━━ Available records ━━

lemma lookup_prod_factorizations:
  fixes F :: "'t \<Rightarrow> ('a::ab_group_add \<Rightarrow>\<^sub>0 'b::comm_ring_1)"
  assumes "finite T"
  shows "Poly_Mapping.lookup (\<Prod>t\<in>T. F t) \<delta> =
    (\<Sum>e\<in>factorizations T F \<delta>. \<Prod>t\<in>T. Poly_Mapping.lookup (F t) (e t))"
  using assms
proof (induction T arbitrary: \<delta> rule: finite_induct)
  case empty
  have "factorizations {} F \<delta> = (if \<delta> = 0 then {\<lambda>_. 0} else {})"
    by (auto simp: factorizations_def fun_eq_iff)
  then show ?case by (simp add: lookup_one)
next
  case (insert s T)
  let ?S = "Sigma (Poly_Mapping.keys (F s)) (\<lambda>a. factorizations T F (\<delta> - a))"
  have "Poly_Mapping.lookup (\<Prod>t\<in>insert s T. F t) \<delta> =
      (\<Sum>a\<in>Poly_Mapping.keys (F s). Poly_Mapping.lookup (F s) a * Poly_Mapping.lookup (\<Prod>t\<in>T. F t) (\<delta> - a))"
    using insert by (simp add: lookup_mult_keys)
  also have "\<dots> = (\<Sum>(a, e)\<in>?S. Poly_Mapping.lookup (F s) a * (\<Prod>t\<in>T. Poly_Mapping.lookup (F t) (e t)))"
    by (simp add: insert.IH sum_distrib_left sum.Sigma finite_factorizations insert.hyps)
  also have "\<dots> = (\<Sum>e\<in>factorizations (insert s T) F \<delta>. \<Prod>t\<in>insert s T. Poly_Mapping.lookup (F t) (e t))"
  proof (rule sum.reindex_bij_witness[where j = "\<lambda>(a, e). e(s := a)" and i = "\<lambda>e. (e s, e(s := 0))"])
    fix x assume x: "x \<in> ?S"
    obtain a e where xe: "x = (a, e)" by (cases x)
    have es: "e s = 0" using x xe insert.hyps by (auto simp: factorizations_def)
    show "(\<lambda>e. (e s, e(s := 0))) ((\<lambda>(a, e). e(s := a)) x) = x"
      using xe es by (auto simp: fun_eq_iff)
    have "(\<Sum>t\<in>T. (e(s := a)) t) = (\<Sum>t\<in>T. e t)"
      using insert.hyps by (intro sum.cong) auto
    then show "(\<lambda>(a, e). e(s := a)) x \<in> factorizations (insert s T) F \<delta>"
      using x xe insert.hyps by (auto simp: factorizations_def in_keys_iff)
    have "(\<Prod>t\<in>T. Poly_Mapping.lookup (F t) ((e(s := a)) t)) = (\<Prod>t\<in>T. Poly_Mapping.lookup (F t) (e t))"
      using insert.hyps by (intro prod.cong) auto
    then show "(\<Prod>t\<in>insert s T. Poly_Mapping.lookup (F t) (((\<lambda>(a, e). e(s := a)) x) t)) =
          (case x of (a, e) \<Rightarrow> Poly_Mapping.lookup (F s) a * (\<Prod>t\<in>T. Poly_Mapping.lookup (F t) (e t)))"
      using xe insert.hyps by simp
  next
    fix y assume y: "y \<in> factorizations (insert s T) F \<delta>"
    show "(\<lambda>(a, e). e(s := a)) ((\<lambda>e. (e s, e(s := 0))) y) = y" by auto
    have "(\<Sum>t\<in>T. (y(s := 0)) t) = (\<Sum>t\<in>T. y t)"
      using insert.hyps by (intro sum.cong) auto
    moreover have "(\<Sum>t\<in>T. y t) = \<delta> - y s"
      using y insert.hyps by (auto simp: factorizations_def algebra_simps)
    ultimately show "(\<lambda>e. (e s, e(s := 0))) y \<in> ?S"
      using y insert.hyps by (auto simp: factorizations_def in_keys_iff)
  qed
  finally show ?case .
qed

section \<open>Evaluating Laurent polynomials at Puiseux polynomials\<close>

definition xmono :: "('n \<Rightarrow> int) \<Rightarrow> ('n,'k::comm_ring_1) ppoly" where
  "xmono a = Poly_Mapping.single (\<lambda>i. of_int (a i)) 1"

definition peval_term :: "('m::finite \<Rightarrow> ('n,'k::comm_ring_1) ppoly) \<Rightarrow> ('n,'m) lexp \<Rightarrow> ('n,'k) ppoly" where
  "peval_term u p = xmono (fst p) * (\<Prod>j\<in>UNIV. u j ^ snd p j)"

definition peval :: "('m::finite \<Rightarrow> ('n,'k::comm_ring_1) ppoly) \<Rightarrow> ('n,'m,'k) lpoly \<Rightarrow> ('n,'k) ppoly" where
  "peval u f = pm_lift (Poly_Mapping.single 0) (peval_term u) f"

lemma xmono_add: "xmono (a + b) = xmono a * (xmono b :: ('n,'k::comm_ring_1) ppoly)"
  by (simp add: xmono_def mult_single plus_fun_def)

lemma xmono_zero: "xmono 0 = 1"
proof -
  have "(\<lambda>i. of_int ((0 :: 'a \<Rightarrow> int) i) :: rat) = 0" by (simp add: fun_eq_iff)
  then show ?thesis by (simp add: xmono_def)
qed

lemma peval_term_add: "peval_term u (p + q) = peval_term u p * peval_term u q"
  by (simp add: peval_term_def xmono_add power_add prod.distrib mult_ac)

lemma peval_term_zero: "peval_term u 0 = 1"
  by (simp add: peval_term_def xmono_zero)

interpretation peval: pm_lift_hom "Poly_Mapping.single 0" "peval_term u"
  by unfold_locales (auto simp: single_add mult_single peval_term_add peval_term_zero)

lemma peval_add: "peval u (f + g) = peval u f + peval u g" by (simp add: peval_def peval.pm_lift_add)
lemma peval_mult: "peval u (f * g) = peval u f * peval u g" by (simp add: peval_def peval.pm_lift_mult)
lemma peval_zero [simp]: "peval u 0 = 0" by (simp add: peval_def peval.pm_lift_zero)
lemma peval_sum: "peval u (sum F A) = (\<Sum>i\<in>A. peval u (F i))" by (simp add: peval_def peval.pm_lift_sum)
lemma peval_prod: "peval u (prod F A) = (\<Prod>i\<in>A. peval u (F i))" by (simp add: peval_def peval.pm_lift_prod)
lemma peval_power: "peval u (f ^ n) = peval u f ^ n" by (simp add: peval_def peval.pm_lift_power)
lemma peval_mono: "peval u (mono c a b) = Poly_Mapping.single 0 c * peval_term u (a, b)"
  by (simp add: peval_def mono_def peval.pm_lift_single)

lemma peval_yvar: "peval u (yvar j) = u j"
proof -
  have "(\<Prod>i\<in>UNIV. u i ^ (if i = j then 1 else 0)) = (\<Prod>i\<in>UNIV. if i = j then u i else 1)"
    by (rule prod.cong) auto
  then show ?thesis by (simp add: yvar_def peval_mono peval_term_def xmono_zero)
qed

lemma peval_eq_sum:
  "peval u f = (\<Sum>p\<in>Poly_Mapping.keys f. Poly_Mapping.single 0 (Poly_Mapping.lookup f p) * peval_term u p)"
  by (simp add: peval_def pm_lift_def)

lemma peval_ideal: "is_ideal {f. peval u f = 0}"
  unfolding is_ideal_def by (auto simp: peval_add peval_mult)

lemma finite_lower_bound: "finite S \<Longrightarrow> \<exists>c::real. \<forall>x\<in>S. c \<le> F x"
  by (rule exI[of _ "Min (insert 0 (F ` S))"]) auto

lemma order_ge_peval_term:
  assumes "\<And>j. order_ge \<omega> (u j) \<mu>"
  shows "order_ge \<omega> (peval_term u p) (wdot \<omega> (\<lambda>i. of_int (fst p i)) + (\<Sum>j\<in>UNIV. of_nat (snd p j) * \<mu>))"
  unfolding peval_term_def xmono_def
  by (intro order_ge_mult order_ge_single[OF order_refl] order_ge_prod order_ge_power assms)

lemma order_ge_const_mult:
  "order_ge \<omega> (P :: ('n::finite,'k::comm_ring_1) ppoly) b \<Longrightarrow> order_ge \<omega> (Poly_Mapping.single 0 c * P) b"
  using order_ge_mult[of \<omega> "Poly_Mapping.single 0 c" 0 P b] by (simp add: order_ge_single)
lemma order_gt_const_mult:
  "order_gt \<omega> (P :: ('n::finite,'k::comm_ring_1) ppoly) b \<Longrightarrow> order_gt \<omega> (Poly_Mapping.single 0 c * P) b"
  using order_gt_mult_right[of \<omega> "Poly_Mapping.single 0 c" 0 P b] by (simp add: order_ge_single)
lemma degree_le_const_mult:
  "degree_le \<omega> (P :: ('n::finite,'k::comm_ring_1) ppoly) b \<Longrightarrow> degree_le \<omega> (Poly_Mapping.single 0 c * P) b"
  using degree_le_mult[of \<omega> "Poly_Mapping.single 0 c" 0 P b] by (simp add: degree_le_single)

lemma order_ge_peval_uniform:
  fixes f :: "('n::finite,'m::finite,'k::comm_ring_1) lpoly"
  shows "\<exists>c. \<forall>u. (\<forall>j. order_ge \<omega> (u j) \<mu>) \<longrightarrow> order_ge \<omega> (peval u f) c"
proof -
  obtain c where c: "\<forall>p\<in>Poly_Mapping.keys f.
      c \<le> wdot \<omega> (\<lambda>i. of_int (fst p i)) + (\<Sum>j\<in>UNIV. of_nat (snd p j) * \<mu>)"
    using finite_lower_bound[of "Poly_Mapping.keys f"
            "\<lambda>p. wdot \<omega> (\<lambda>i. of_int (fst p i)) + (\<Sum>j\<in>UNIV. of_nat (snd p j) * \<mu>)"] by auto
  have "order_ge \<omega> (peval u f) c" if "\<forall>j. order_ge \<omega> (u j) \<mu>" for u
    unfolding peval_eq_sum
  proof (rule order_ge_sum, rule order_ge_const_mult)
    fix p assume p: "p \<in> Poly_Mapping.keys f"
    have "order_ge \<omega> (peval_term u p)
        (wdot \<omega> (\<lambda>i. of_int (fst p i)) + (\<Sum>j\<in>UNIV. of_nat (snd p j) * \<mu>))"
      using that by (intro order_ge_peval_term) blast
    then show "order_ge \<omega> (peval_term u p) c"
      by (rule order_ge_mono) (use c p in blast)
  qed
  then show ?thesis by blast
qed

lemma same_initial_peval_term:
  assumes "\<And>j. same_initial \<omega> (u j) (m j) (e j)"
  shows "same_initial \<omega> (peval_term u p) (peval_term m p)
           (wdot \<omega> (\<lambda>i. of_int (fst p i)) + (\<Sum>j\<in>UNIV. of_nat (snd p j) * e j))"
proof -
  have "same_initial \<omega> (\<Prod>j\<in>UNIV. u j ^ snd p j) (\<Prod>j\<in>UNIV. m j ^ snd p j)
      (\<Sum>j\<in>UNIV. of_nat (snd p j) * e j)"
    by (rule same_initial_prod, rule same_initial_power, rule assms)
  then show ?thesis
    unfolding peval_term_def xmono_def
    by (rule same_initial_mult[OF same_initial_refl[OF order_ge_single[OF order_refl]]])
qed

lemma degree_le_peval_term:
  assumes "\<And>j. degree_le \<omega> (m j) (e j)"
  shows "degree_le \<omega> (peval_term m p) (wdot \<omega> (\<lambda>i. of_int (fst p i)) + (\<Sum>j\<in>UNIV. of_nat (snd p j) * e j))"
proof -
  have "degree_le \<omega> (\<Prod>j\<in>UNIV. m j ^ snd p j) (\<Sum>j\<in>UNIV. of_nat (snd p j) * e j)"
    by (rule degree_le_prod, rule degree_le_power, rule assms)
  then show ?thesis
    unfolding peval_term_def xmono_def
    by (rule degree_le_mult[OF degree_le_single[OF order_refl]])
qed

text \<open>The slots \<open>(j, l)\<close>, \<open>l < \<beta> j\<close>, index the factors of \<open>\<Prod>\<^sub>j u\<^sub>j\<^bsup>\<beta> j\<^esup>\<close> as in \<open>pow_prod_coeff\<close>.\<close>

definition power_slots :: "('m::finite \<Rightarrow> nat) \<Rightarrow> ('m \<times> nat) set" where
  "power_slots \<beta> = Sigma UNIV (\<lambda>j. {..<\<beta> j})"

lemma finite_power_slots [simp]: "finite (power_slots \<beta>)"
  by (simp add: power_slots_def)

lemma mem_power_slots: "t \<in> power_slots \<beta> \<longleftrightarrow> snd t < \<beta> (fst t)"
  by (cases t) (simp add: power_slots_def)

lemma sum_power_slots: "(\<Sum>j\<in>UNIV. \<Sum>l<\<beta> j. g j l) = (\<Sum>t\<in>power_slots \<beta>. g (fst t) (snd t))"
  unfolding power_slots_def by (subst sum.Sigma) (auto simp: case_prod_beta)

lemma prod_power_slots: "(\<Prod>j\<in>UNIV. \<Prod>l<\<beta> j. g j l) = (\<Prod>t\<in>power_slots \<beta>. g (fst t) (snd t))"
  unfolding power_slots_def by (subst prod.Sigma) (auto simp: case_prod_beta)

definition slot_factorizations ::
  "('m::finite \<Rightarrow> 'a \<Rightarrow> 'b::zero) \<Rightarrow> ('m \<Rightarrow> nat) \<Rightarrow> 'a::comm_monoid_add \<Rightarrow> ('m \<Rightarrow> nat \<Rightarrow> 'a) set" where
  "slot_factorizations G \<beta> \<delta> = {e. (\<forall>j l. \<beta> j \<le> l \<longrightarrow> e j l = 0) \<and> (\<forall>j l. l < \<beta> j \<longrightarrow> G j (e j l) \<noteq> 0) \<and>
        (\<Sum>j\<in>UNIV. \<Sum>l<\<beta> j. e j l) = \<delta>}"

lemma pow_prod_coeff_eq:
  "pow_prod_coeff \<psi> \<beta> \<delta> = (\<Sum>e\<in>slot_factorizations \<psi> \<beta> \<delta>. \<Prod>j\<in>UNIV. \<Prod>l<\<beta> j. \<psi> j (e j l))"
  by (simp add: pow_prod_coeff_def slot_factorizations_def)

lemma lookup_prod_power:
  fixes u :: "'m::finite \<Rightarrow> ('a::ab_group_add \<Rightarrow>\<^sub>0 'b::comm_ring_1)"
  shows "Poly_Mapping.lookup (\<Prod>j\<in>UNIV. u j ^ \<beta> j) \<delta> =
     (\<Sum>e\<in>slot_factorizations (\<lambda>j. Poly_Mapping.lookup (u j)) \<beta> \<delta>.
        \<Prod>j\<in>UNIV. \<Prod>l<\<beta> j. Poly_Mapping.lookup (u j) (e j l))"
proof -
  have "(\<Prod>j\<in>UNIV. u j ^ \<beta> j) = (\<Prod>t\<in>power_slots \<beta>. u (fst t))"
    using prod_power_slots[of "\<lambda>j l. u j" \<beta>] by simp
  then have "Poly_Mapping.lookup (\<Prod>j\<in>UNIV. u j ^ \<beta> j) \<delta> =
      (\<Sum>e\<in>factorizations (power_slots \<beta>) (\<lambda>t. u (fst t)) \<delta>.
         \<Prod>t\<in>power_slots \<beta>. Poly_Mapping.lookup (u (fst t)) (e t))"
    by (simp add: lookup_prod_factorizations)
  also have "\<dots> = (\<Sum>e\<in>slot_factorizations (\<lambda>j. Poly_Mapping.lookup (u j)) \<beta> \<delta>.
      \<Prod>j\<in>UNIV. \<Prod>l<\<beta> j. Poly_Mapping.lookup (u j) (e j l))"
  proof (rule sum.reindex_bij_witness[where j = "\<lambda>e j l. e (j, l)" and i = "\<lambda>e t. e (fst t) (snd t)"])
    fix e assume e: "e \<in> factorizations (power_slots \<beta>) (\<lambda>t. u (fst t)) \<delta>"
    show "(\<lambda>t. (\<lambda>j l. e (j, l)) (fst t) (snd t)) = e" by simp
    have "Poly_Mapping.lookup (u j) (e (j, l)) \<noteq> 0" if "l < \<beta> j" for j l
    proof -
      have "(j, l) \<in> power_slots \<beta>" using that by (simp add: mem_power_slots)
      then show ?thesis using e by (auto simp: factorizations_def)
    qed
    moreover have "e (j, l) = 0" if "\<beta> j \<le> l" for j l
      using e that by (auto simp: factorizations_def mem_power_slots)
    moreover have "(\<Sum>j\<in>UNIV. \<Sum>l<\<beta> j. e (j, l)) = \<delta>"
      using e by (simp add: factorizations_def sum_power_slots[of "\<lambda>j l. e (j, l)"])
    ultimately show "(\<lambda>j l. e (j, l)) \<in> slot_factorizations (\<lambda>j. Poly_Mapping.lookup (u j)) \<beta> \<delta>"
      by (auto simp: slot_factorizations_def)
    show "(\<Prod>j\<in>UNIV. \<Prod>l<\<beta> j. Poly_Mapping.lookup (u j) ((\<lambda>j l. e (j, l)) j l)) =
       (\<Prod>t\<in>power_slots \<beta>. Poly_Mapping.lookup (u (fst t)) (e t))"
      by (simp add: prod_power_slots[of "\<lambda>j l. Poly_Mapping.lookup (u j) (e (j, l))"])
  next
    fix e assume e: "e \<in> slot_factorizations (\<lambda>j. Poly_Mapping.lookup (u j)) \<beta> \<delta>"
    show "(\<lambda>j l. (\<lambda>t. e (fst t) (snd t)) (j, l)) = e" by simp
    show "(\<lambda>t. e (fst t) (snd t)) \<in> factorizations (power_slots \<beta>) (\<lambda>t. u (fst t)) \<delta>"
      using e by (auto simp: factorizations_def slot_factorizations_def mem_power_slots
                             sum_power_slots[of e, symmetric])
  qed
  finally show ?thesis .
qed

━━━

## What the task requires
Reprint the data above from the opening line to the line holding "t) (((\<lambda>(a, e).", inclusive, and nothing else.

## Result of the task
lemma lookup_prod_factorizations:
  fixes F :: "'t \<Rightarrow> ('a::ab_group_add \<Rightarrow>\<^sub>0 'b::comm_ring_1)"
  assumes "finite T"
  shows "Poly_Mapping.lookup (\<Prod>t\<in>T. F t) \<delta> =
    (\<Sum>e\<in>factorizations T F \<delta>. \<Prod>t\<in>T. Poly_Mapping.lookup (F t) (e t))"
  using assms
proof (induction T arbitrary: \<delta> rule: finite_induct)
  case empty
  have "factorizations {} F \<delta> = (if \<delta> = 0 then {\<lambda>_. 0} else {})"
    by (auto simp: factorizations_def fun_eq_iff)
  then show ?case by (simp add: lookup_one)
next
  case (insert s T)
  let ?S = "Sigma (Poly_Mapping.keys (F s)) (\<lambda>a. factorizations T F (\<delta> - a))"
  have "Poly_Mapping.lookup (\<Prod>t\<in>insert s T. F t) \<delta> =
      (\<Sum>a\<in>Poly_Mapping.keys (F s). Poly_Mapping.lookup (F s) a * Poly_Mapping.lookup (\<Prod>t\<in>T. F t) (\<delta> - a))"
    using insert by (simp add: lookup_mult_keys)
  also have "\<dots> = (\<Sum>(a, e)\<in>?S. Poly_Mapping.lookup (F s) a * (\<Prod>t\<in>T. Poly_Mapping.lookup (F t) (e t)))"
    by (simp add: insert.IH sum_distrib_left sum.Sigma finite_factorizations insert.hyps)
  also have "\<dots> = (\<Sum>e\<in>factorizations (insert s T) F \<delta>. \<Prod>t\<in>insert s T. Poly_Mapping.lookup (F t) (e t))"
  proof (rule sum.reindex_bij_witness[where j = "\<lambda>(a, e). e(s := a)" and i = "\<lambda>e. (e s, e(s := 0))"])
    fix x assume x: "x \<in> ?S"
    obtain a e where xe: "x = (a, e)" by (cases x)
    have es: "e s = 0" using x xe insert.hyps by (auto simp: factorizations_def)
    show "(\<lambda>e. (e s, e(s := 0))) ((\<lambda>(a, e). e(s := a)) x) = x"
      using xe es by (auto simp: fun_eq_iff)
    have "(\<Sum>t\<in>T. (e(s := a)) t) = (\<Sum>t\<in>T. e t)"
      using insert.hyps by (intro sum.cong) auto
    then show "(\<lambda>(a, e). e(s := a)) x \<in> factorizations (insert s T) F \<delta>"
      using x xe insert.hyps by (auto simp: factorizations_def in_keys_iff)
    have "(\<Prod>t\<in>T. Poly_Mapping.lookup (F t) ((e(s := a)) t)) = (\<Prod>t\<in>T. Poly_Mapping.lookup (F t) (e t))"
      using insert.hyps by (intro prod.cong) auto
    then show "(\<Prod>t\<in>insert s T. Poly_Mapping.lookup (F t) (((\<lambda>(a, e). e(s := a)) x) t)) =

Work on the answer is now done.